Ligand-induced estrogen receptor alpha degradation by the proteasome: new actors?

In this perspective we consider new aspects of ligand-induced estrogen receptor alpha (ERalpha) degradation. What are the possible roles of CSN5/Jab1 and the CSN complex in this process? We compare hormone (estrogen) or pure antagonist (fulvestrant) induced degradation of ERalpha and review the effects of kinase-inhibitors and CRM1-dependent nuclear export on ERalpha degradation and transcription activation. A model for ERalpha action integrating these new actors is proposed and the relation between hormone-induced ERalpha degradation and transcription-activation is discussed.

Introduction

Over the last few years, the involvement of the proteasome pathway in ligand-dependent nuclear receptor degradation has been established. This pathway entails first a polyubiquitination of the substrate, catalyzed by three factors (E1, E2 and E3), followed by its proteolysis by the proteasome. Recently, the role of the CSN complex that regulates the activity of a class of E3 ubiquitin ligases, the cullin RING ubiquitin ligase superfamily, was demonstrated. The cullin subunits of these ubiquitin ligases are modified by the conjugation of an ubiquitin-like protein, NEDD8. The neddylated subunit Cul1 is selectively degraded. Recent data demonstrate that CSN, via its subunit CSN5/Jab1, dennedylates cullin, thus increasing the activity of the E3 ligases [Wee et al., 2005].

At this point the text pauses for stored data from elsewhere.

lemma model_fun_at_center:
  "cmod \<alpha> < 1 \<Longrightarrow> model_fun \<alpha> a b \<alpha> = (a * of_real (defect \<alpha>) + b * \<alpha>) / of_real (defect \<alpha>)^2"
  by (simp add: model_fun_def kernel_comb_def cnj_mult_self_eq_defect)

lemma deriv_model_fun_at_center:
  "cmod \<alpha> < 1 \<Longrightarrow> deriv (model_fun \<alpha> a b) \<alpha> =
     (a * cnj \<alpha> * of_real (defect \<alpha>) + b * (1 + cnj \<alpha> * \<alpha>)) / of_real (defect \<alpha>)^3"
  using deriv_model_fun[of \<alpha> \<alpha> a b] by (simp add: cnj_mult_self_eq_defect)

lemma model_fun_jet_inj:
  assumes "cmod \<alpha> < 1"
    and "model_fun \<alpha> a b \<alpha> = model_fun \<alpha> a' b' \<alpha>"
    and "deriv (model_fun \<alpha> a b) \<alpha> = deriv (model_fun \<alpha> a' b') \<alpha>"
  shows "a = a' \<and> b = b'"
proof -
  define c where "c = (of_real (defect \<alpha>) :: complex)"
  have "c \<noteq> 0"
    using defect_pos[OF assms(1)] by (simp add: c_def)
  have val: "a * c + b * \<alpha> = a' * c + b' * \<alpha>"
    using assms(2) \<open>c \<noteq> 0\<close> unfolding model_fun_at_center[OF assms(1)] c_def[symmetric]
    by (simp add: divide_simps)
  have der: "a * cnj \<alpha> * c + b * (1 + cnj \<alpha> * \<alpha>) = a' * cnj \<alpha> * c + b' * (1 + cnj \<alpha> * \<alpha>)"
    using assms(3) \<open>c \<noteq> 0\<close> unfolding deriv_model_fun_at_center[OF assms(1)] c_def[symmetric]
    by (simp add: divide_simps)
  have "b - b' = (a * cnj \<alpha> * c + b * (1 + cnj \<alpha> * \<alpha>) - (a' * cnj \<alpha> * c + b' * (1 + cnj \<alpha> * \<alpha>)))
                   - cnj \<alpha> * ((a * c + b * \<alpha>) - (a' * c + b' * \<alpha>))"
    by (simp add: algebra_simps)
  then have "b = b'"
    using val der by simp
  with val \<open>c \<noteq> 0\<close> show ?thesis
    by simp
qed

lemma model_vec_at_center:
  assumes "cmod \<alpha> < 1"
  shows "model_vec \<alpha> x y \<alpha> = of_real (sqrt (defect \<alpha>)) * x / of_real (defect \<alpha>)"
proof -
  define c where "c = (of_real (defect \<alpha>) :: complex)"
  define T where "T = (of_real (sqrt (defect \<alpha>)) :: complex)"
  have "c \<noteq> 0"
    using defect_pos[OF assms] by (simp add: c_def)
  have "model_vec \<alpha> x y \<alpha> = (T * (x - y * \<alpha>) * c + T * c * y * \<alpha>) / c^2"
    unfolding model_vec_def model_fun_at_center[OF assms] by (simp add: c_def T_def)
  also have "\<dots> = T * x / c"
    using \<open>c \<noteq> 0\<close> by (simp add: field_simps power2_eq_square)
  finally show ?thesis
    by (simp add: c_def T_def)
qed

lemma deriv_model_vec_at_center:
  assumes "cmod \<alpha> < 1"
  shows "deriv (model_vec \<alpha> x y) \<alpha> = of_real (sqrt (defect \<alpha>)) * (x * cnj \<alpha> + y) / of_real (defect \<alpha>)^2"
proof -
  define c where "c = (of_real (defect \<alpha>) :: complex)"
  define T where "T = (of_real (sqrt (defect \<alpha>)) :: complex)"
  have "c \<noteq> 0"
    using defect_pos[OF assms] by (simp add: c_def)
  have "deriv (model_vec \<alpha> x y) \<alpha> = (T * (x - y * \<alpha>) * cnj \<alpha> * c + T * c * y * (1 + cnj \<alpha> * \<alpha>)) / c^3"
    unfolding model_vec_def deriv_model_fun_at_center[OF assms] by (simp add: c_def T_def)
  also have "\<dots> = T * (x * cnj \<alpha> + y) / c^2"
    using \<open>c \<noteq> 0\<close> by (simp add: field_simps power2_eq_square power3_eq_cube)
  finally show ?thesis
    by (simp add: c_def T_def)
qed

lemma h2_inner_model_vec:
  assumes "cmod \<alpha> < 1"
  shows "h2_inner (model_vec \<alpha> x' y') (model_vec \<alpha> x y) = cnj x * x' + cnj y * y'"
proof -
  define c where "c = (of_real (defect \<alpha>) :: complex)"
  define T where "T = (of_real (sqrt (defect \<alpha>)) :: complex)"
  have "c \<noteq> 0" "T * T = c"
    using defect_pos[OF assms] by (simp_all add: c_def T_def flip: of_real_mult)
  have "model_vec \<alpha> x' y' holomorphic_on ball 0 1"
    unfolding model_vec_def by (rule holomorphic_model_fun[OF assms])
  then have "h2_inner (model_vec \<alpha> x' y') (model_vec \<alpha> x y)
      = cnj (T * (x - y * \<alpha>)) * model_vec \<alpha> x' y' \<alpha> + cnj (T * c * y) * deriv (model_vec \<alpha> x' y') \<alpha>"
    unfolding model_vec_def[of \<alpha> x y] T_def c_def of_real_mult by (rule h2_inner_model_fun_right[OF assms])
  also have "\<dots> = T * (cnj x - cnj y * cnj \<alpha>) * (T * x' / c) + T * c * cnj y * (T * (x' * cnj \<alpha> + y') / c^2)"
    unfolding model_vec_at_center[OF assms] deriv_model_vec_at_center[OF assms]
    by (simp add: c_def T_def algebra_simps)
  also have "\<dots> = (T * T / c) * (cnj x * x' + cnj y * y')"
    using \<open>c \<noteq> 0\<close> by (simp add: field_simps power2_eq_square)
  finally show ?thesis
    using \<open>c \<noteq> 0\<close> \<open>T * T = c\<close> by simp
qed

lemma h2_norm_model_vec:
  assumes "cmod \<alpha> < 1"
  shows "h2_norm (model_vec \<alpha> x y) = sqrt ((cmod x)^2 + (cmod y)^2)"
proof -
  define C where "C = taylor_coeff (model_vec \<alpha> x y)"
  have "summable (\<lambda>n. (cmod (C n))^2)"
    unfolding C_def model_vec_def taylor_coeff_model_fun
    by (rule summable_power2_norm[OF summable_norm_model_coeff[OF assms]])
  then have "(\<lambda>n. complex_of_real ((cmod (C n))^2)) sums complex_of_real (\<Sum>n. (cmod (C n))^2)"
    by (rule sums_of_real[OF summable_sums])
  then have "(\<lambda>n. C n * cnj (C n)) sums complex_of_real (\<Sum>n. (cmod (C n))^2)"
    by (simp only: complex_norm_square)
  then have "complex_of_real (\<Sum>n. (cmod (C n))^2) = h2_inner (model_vec \<alpha> x y) (model_vec \<alpha> x y)"
    unfolding h2_inner_def C_def by (simp add: sums_iff)
  also have "\<dots> = complex_of_real ((cmod x)^2 + (cmod y)^2)"
    unfolding h2_inner_model_vec[OF assms] by (simp only: of_real_add complex_norm_square mult.commute)
  finally show ?thesis
    unfolding h2_norm_def C_def of_real_eq_iff by simp
qed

Several lines of evidence suggest that CSN is involved in ligand-dependant nuclear receptor degradation. First, estrogen receptor α (ERα) degradation is dependant on the neddylation pathway [Fan et al., 2003]; second, CSN5/Jab1 interacts with both the progesterone receptor and the coactivator SRC1 and is itself a coactivator of the nuclear receptors [Fan et al., 2003]; third, Jab1/CSN5 increases hormone-induced ERα degradation [Fan et al., 2003].

The nature of the ligand affects ERα degradation differently: estradiol and the pure antagonist fulvestrant induce ERα degradation by the proteasome, whereas the mixed antagonist tamoxifen stabilizes Erα [Wijayaratne and McDonnell, 2001]. Thus, degradation may play an important role in ERα function and/or the action of its antagonists. ERα undergoes post translational modifications such as phosphorylation [Lannigan, 2003], acetylation [Wang et al., 2001] or sumoylation [Sentis et al., 2005]. However, the role of such modifications in targeting ERα for degradation remains unclear. A kinase activity, inhibited by curcumin, is associated to CSN. At least two curcumin-sensitive kinases, CKII and PKD, which co-purify with CSN, could contribute to this activity [Uhle et al., 2003]. CKII phosphorylates ERα on Ser167 in response to estradiol [Lannigan, 2003]. The inhibition of ERα degradation by curcumin and the co-immunoprecipitation of Jab1/CSN5 with ERα in the presence of curcumin, suggest that this kinase activity could participate in targeting ERα for degradation. In addition, the inhibition by curcumin of the interaction of ERα with its DNA target, points towards a role of this complex in transcription activation [Callige et al., 2005].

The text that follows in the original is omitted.